“That’s nothing, master,” said an old sailor who stood near; “it’s the pilchards coming in, that’s all.”
“Too loud,” said the Captain.
There was a rather anxious pause; then the Captain stepped on to the quay, and the others followed him.
“Do talk to him—Jimmy,” said Anthea as they went; “you can find out all sorts of things for your friend’s book.”
“Please excuse me,” he said earnestly. “If I talk I shall wake up; and besides, I can’t understand what he says.”
No one else could think of anything to say, so that it was in complete silence that they followed the Captain up the marble steps and through the streets of the town. There were streets and shops and houses and markets.
“It’s just like Babylon,” whispered Jane, “only everything’s perfectly different.”
“It’s a great comfort the ten Kings have been properly brought up—to be kind to strangers,” Anthea whispered to Cyril.

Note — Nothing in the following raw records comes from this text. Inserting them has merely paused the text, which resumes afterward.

(* Let $f(q)=\sum_{n\ge0}a(n)q^n$ with real coefficients satisfy $a(n)>0$ for all $n>n_0$, for some $n_0\in\mathbb{N}_0$. Let $\lambda\in\{0,1\}$, $m\in\mathbb{N}$, and set $\delta_0=1$, $\delta_1=2$. Then for every $n\ge0$ the coefficient of $q^n$ in $q^{-m\lambda^2/4}f(q)\theta_\lambda(m\tau)$ is at least $\delta_\lambda a(n)-2\sum_{0\le j\le n_0}|a(j)|$. Moreover, if for some $n_1\in\mathbb{N}$ one has $\delta_\lambda a(n)>2\sum_{0\le j\le n_0}|a(j)|$ for all $n\ge n_1$, then the coefficient of $q^{\nu}$ in $f(q)\theta_\lambda(m\tau)$ is positive for every exponent $\nu\ge n_1+\frac{m\lambda^2}{4}$.
   Context: $q=e^{2\pi i\tau}$. For $\lambda\in\{0,1\}$, $\theta_\lambda(\tau)=\sum_{n\in\mathbb{Z}}q^{(n+\lambda/2)^2}$, so $\theta_\lambda(m\tau)=\sum_{n\in\mathbb{Z}}q^{m(n+\lambda/2)^2}$; thus $q^{-m\lambda^2/4}\theta_\lambda(m\tau)$ is a power series in integral powers of $q$, and the exponents occurring in $f(q)\theta_\lambda(m\tau)$ lie in $\mathbb{Z}+\frac{m\lambda^2}{4}$. *)

theory Defs
  imports Complex_Main
begin

text \<open>Coefficient of \<open>q^\<nu>\<close> (real exponent \<nu>) in the formal product
  \<open>f(q) \<theta>_\<lambda>(m\<tau>) = (\<Sum>j\<ge>0. a j q^j) (\<Sum>n\<in>\<int>. q^(m (n+\<lambda>/2)^2))\<close>:
  the sum over all pairs (j,n) with \<open>j + m (n+\<lambda>/2)^2 = \<nu>\<close> of \<open>a j\<close>.\<close>

definition theta_pairs :: "nat \<Rightarrow> nat \<Rightarrow> real \<Rightarrow> nat \<Rightarrow> int set" where
  "theta_pairs lam m \<nu> j = {n::int. real j + real m * (real_of_int n + real lam / 2)^2 = \<nu>}"

definition ftheta_coeff :: "(nat \<Rightarrow> real) \<Rightarrow> nat \<Rightarrow> nat \<Rightarrow> real \<Rightarrow> real" where
  "ftheta_coeff a lam m \<nu> =
     (\<Sum>j\<in>{j::nat. theta_pairs lam m \<nu> j \<noteq> {}}. a j * real (card (theta_pairs lam m \<nu> j)))"

definition delta :: "nat \<Rightarrow> real" where
  "delta lam = (if lam = 0 then 1 else 2)"

end

theory Submission
  imports Defs
begin

text \<open>Each \<open>j\<close> contributes \<open>a j\<close> with multiplicity at most 2 (the two square roots), and
  the term \<open>j = n\<close> at the exponent \<open>n + m\<lambda>\<^sup>2/4\<close> contributes exactly \<open>\<delta>\<^sub>\<lambda> a n\<close>
  (from \<open>k = 0\<close>, and also \<open>k = -1\<close> when \<open>\<lambda> = 1\<close>). Only finitely many \<open>j \<le> \<nu>\<close> occur,
  all terms with \<open>j > n\<^sub>0\<close> are nonnegative, and those with \<open>j \<le> n\<^sub>0\<close> are at least
  \<open>-2 \<bar>a j\<bar>\<close>.\<close>

lemma card_int_square_eq_le_2:
  fixes c l :: real
  shows "card {k::int. (real_of_int k + l)\<^sup>2 = c} \<le> 2"
proof -
  have "{k::int. (real_of_int k + l)\<^sup>2 = c} \<subseteq> {\<lfloor>sqrt c - l\<rfloor>, \<lfloor>- sqrt c - l\<rfloor>}"
  proof
    fix k assume "k \<in> {k::int. (real_of_int k + l)\<^sup>2 = c}"
    then have "(real_of_int k + l)\<^sup>2 = c"
      by simp
    then have "real_of_int k + l = sqrt c \<or> real_of_int k + l = - sqrt c"
      by (metis real_sqrt_abs abs_real_def add.inverse_inverse)
    then have "real_of_int k = sqrt c - l \<or> real_of_int k = - sqrt c - l"
      by linarith
    then show "k \<in> {\<lfloor>sqrt c - l\<rfloor>, \<lfloor>- sqrt c - l\<rfloor>}"
      by (metis floor_of_int insertCI singletonI)
  qed
  then have "card {k::int. (real_of_int k + l)\<^sup>2 = c} \<le> card {\<lfloor>sqrt c - l\<rfloor>, \<lfloor>- sqrt c - l\<rfloor>}"
    by (intro card_mono) auto
  also have "\<dots> \<le> 2"
    by (simp add: card_insert_if)
  finally show ?thesis .
qed

lemma theta_pairs_eq:
  assumes "m > 0"
  shows "theta_pairs lam m \<nu> j =
           {k::int. (real_of_int k + real lam / 2)\<^sup>2 = (\<nu> - real j) / real m}"
  using assms unfolding theta_pairs_def by (auto simp: field_simps)

lemma card_theta_pairs_le_2:
  assumes "m > 0"
  shows "card (theta_pairs lam m \<nu> j) \<le> 2"
  unfolding theta_pairs_eq[OF assms] by (rule card_int_square_eq_le_2)

lemma theta_pairs_nonempty_imp_le:
  assumes "theta_pairs lam m \<nu> j \<noteq> {}"
  shows "real j \<le> \<nu>"
proof -
  from assms obtain k where "real j + real m * (real_of_int k + real lam / 2)\<^sup>2 = \<nu>"
    unfolding theta_pairs_def by auto
  moreover have "0 \<le> real m * (real_of_int k + real lam / 2)\<^sup>2"
    by simp
  ultimately show ?thesis
    by linarith
qed

lemma card_theta_pairs_diagonal:
  assumes "m > 0" and "lam \<in> {0, 1}"
  shows "real (card (theta_pairs lam m (real n + real m * real lam ^ 2 / 4) n)) = delta lam"
proof -
  have "theta_pairs lam m (real n + real m * real lam ^ 2 / 4) n =
          {k::int. (real_of_int k + real lam / 2)\<^sup>2 = real lam ^ 2 / 4}"
    using assms(1) unfolding theta_pairs_eq[OF assms(1)] by (auto simp: field_simps)
  also have "\<dots> = (if lam = 0 then {0} else {0, -1})"
  proof (cases "lam = 0")
    case False
    then have "lam = 1"
      using assms(2) by auto
    moreover have "(real_of_int k + 1 / 2)\<^sup>2 = 1 / 4 \<longleftrightarrow> k = 0 \<or> k = -1" for k :: int
    proof -
      have "(real_of_int k + 1 / 2)\<^sup>2 - 1 / 4 = real_of_int k * (real_of_int k + 1)"
        by (simp add: power2_eq_square algebra_simps)
      then have "(real_of_int k + 1 / 2)\<^sup>2 = 1 / 4 \<longleftrightarrow> real_of_int k * (real_of_int k + 1) = 0"
        by linarith
      also have "\<dots> \<longleftrightarrow> k = 0 \<or> k = -1"
        by (auto simp: add_eq_0_iff)
      finally show ?thesis .
    qed
    ultimately show ?thesis
      by auto
  qed auto
  finally show ?thesis
    by (simp add: delta_def)
qed

lemma ftheta_coeff_eq_sum_atMost:
  assumes "\<nu> \<le> real N"
  shows "ftheta_coeff a lam m \<nu> = (\<Sum>j\<le>N. a j * real (card (theta_pairs lam m \<nu> j)))"
  unfolding ftheta_coeff_def
proof (rule sum.mono_neutral_left)
  show "{j. theta_pairs lam m \<nu> j \<noteq> {}} \<subseteq> {..N}"
    using assms theta_pairs_nonempty_imp_le by force
qed auto

lemma weighted_sum_lower_bound:
  fixes a c :: "nat \<Rightarrow> real"
  assumes "n \<le> N" and "n0 \<le> N"
    and c_nonneg: "\<And>j. 0 \<le> c j" and c_le_2: "\<And>j. j \<noteq> n \<Longrightarrow> c j \<le> 2"
    and pos: "\<And>j. j > n0 \<Longrightarrow> a j > 0"
  shows "c n * a n - 2 * (\<Sum>j\<le>n0. \<bar>a j\<bar>) \<le> (\<Sum>j\<le>N. a j * c j)"
proof -
  have pointwise: "(if j = n then c n * a n else 0) - 2 * (if j \<le> n0 then \<bar>a j\<bar> else 0)
                     \<le> a j * c j" for j
  proof (cases "j = n \<or> n0 < j")
    case True
    then show ?thesis
      using pos[of j] c_nonneg[of j] by auto
  next
    case False
    have "- \<bar>a j\<bar> * c j \<le> a j * c j"
      using c_nonneg[of j] by (intro mult_right_mono) auto
    moreover have "\<bar>a j\<bar> * c j \<le> \<bar>a j\<bar> * 2"
      using False c_le_2[of j] by (intro mult_left_mono) auto
    ultimately show ?thesis
      using False by auto
  qed
  have "{j \<in> {..N}. j \<le> n0} = {..n0}"
    using \<open>n0 \<le> N\<close> by auto
  then have "(\<Sum>j\<le>N. if j \<le> n0 then \<bar>a j\<bar> else 0) = (\<Sum>j\<le>n0. \<bar>a j\<bar>)"
    by (metis finite_atMost sum.inter_filter)
  then have "c n * a n - 2 * (\<Sum>j\<le>n0. \<bar>a j\<bar>) =
       (\<Sum>j\<le>N. (if j = n then c n * a n else 0) - 2 * (if j \<le> n0 then \<bar>a j\<bar> else 0))"
    using \<open>n \<le> N\<close> by (simp add: sum_subtractf sum_distrib_left[symmetric])
  also have "\<dots> \<le> (\<Sum>j\<le>N. a j * c j)"
    by (rule sum_mono) (rule pointwise)
  finally show ?thesis .
qed

lemma ftheta_coeff_diagonal_lower_bound:
  assumes pos: "\<And>n. n > n0 \<Longrightarrow> a n > 0"
    and "lam \<in> {0, 1}" and "m > 0"
  shows "delta lam * a n - 2 * (\<Sum>j\<le>n0. \<bar>a j\<bar>)
           \<le> ftheta_coeff a lam m (real n + real m * real lam ^ 2 / 4)"
proof -
  define \<nu> where "\<nu> = real n + real m * real lam ^ 2 / 4"
  define N where "N = max n0 (nat \<lceil>\<nu>\<rceil>)"
  have "real n \<le> \<nu>"
    by (simp add: \<nu>_def)
  then have "n \<le> N"
    unfolding N_def by linarith
  have "\<nu> \<le> real N"
    unfolding N_def by linarith
  have "real (card (theta_pairs lam m \<nu> n)) * a n - 2 * (\<Sum>j\<le>n0. \<bar>a j\<bar>)
          \<le> (\<Sum>j\<le>N. a j * real (card (theta_pairs lam m \<nu> j)))"
    using \<open>n \<le> N\<close> card_theta_pairs_le_2[OF \<open>m > 0\<close>] pos
    by (intro weighted_sum_lower_bound) (auto simp: N_def)
  then show ?thesis
    using card_theta_pairs_diagonal[OF assms(3,2)] ftheta_coeff_eq_sum_atMost[OF \<open>\<nu> \<le> real N\<close>]
    by (simp add: \<nu>_def mult.commute)
qed

theorem lemma6p1:
  fixes a :: "nat \<Rightarrow> real" and n0 m lam :: nat
  assumes pos: "\<And>n. n > n0 \<Longrightarrow> a n > 0"
    and lam: "lam \<in> {0, 1}"
    and m: "m \<ge> 1"
  shows "(\<forall>n::nat. ftheta_coeff a lam m (real n + real m * real lam ^ 2 / 4)
                     \<ge> delta lam * a n - 2 * (\<Sum>j\<le>n0. \<bar>a j\<bar>))
       \<and> (\<forall>n1::nat. n1 \<ge> 1 \<longrightarrow>
             (\<forall>n\<ge>n1. delta lam * a n > 2 * (\<Sum>j\<le>n0. \<bar>a j\<bar>)) \<longrightarrow>
             (\<forall>\<nu>::real. \<nu> - real m * real lam ^ 2 / 4 \<in> \<int> \<longrightarrow>
                 \<nu> \<ge> real n1 + real m * real lam ^ 2 / 4 \<longrightarrow>
                 ftheta_coeff a lam m \<nu> > 0))"
proof -
  have lower_bound: "delta lam * a n - 2 * (\<Sum>j\<le>n0. \<bar>a j\<bar>)
                       \<le> ftheta_coeff a lam m (real n + real m * real lam ^ 2 / 4)" for n
    using ftheta_coeff_diagonal_lower_bound[OF pos lam] m by force
  moreover have "ftheta_coeff a lam m \<nu> > 0"
    if large: "\<forall>n\<ge>n1. delta lam * a n > 2 * (\<Sum>j\<le>n0. \<bar>a j\<bar>)"
      and "\<nu> - real m * real lam ^ 2 / 4 \<in> \<int>"
      and \<nu>_ge: "\<nu> \<ge> real n1 + real m * real lam ^ 2 / 4"
    for n1 :: nat and \<nu> :: real
  proof -
    obtain k :: int where k: "\<nu> - real m * real lam ^ 2 / 4 = of_int k"
      using \<open>\<nu> - real m * real lam ^ 2 / 4 \<in> \<int>\<close> by (auto elim: Ints_cases)
    define n where "n = nat k"
    have "n \<ge> n1"
      using k \<nu>_ge unfolding n_def by linarith
    moreover have "\<nu> = real n + real m * real lam ^ 2 / 4"
      using k \<nu>_ge unfolding n_def by linarith
    ultimately show ?thesis
      using large lower_bound[of n] by force
  qed
  ultimately show ?thesis
    by auto
qed

end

“Yes,” he said, “no deepest dungeons here.”
There were no horses or chariots in the street, but there were handcarts and low trolleys running on thick log-wheels, and porters carrying packets on their heads, and a good many of the people were riding on what looked like elephants, only the great beasts were hairy, and they had not that mild expression we are accustomed to meet on the faces of the elephants at the Zoo.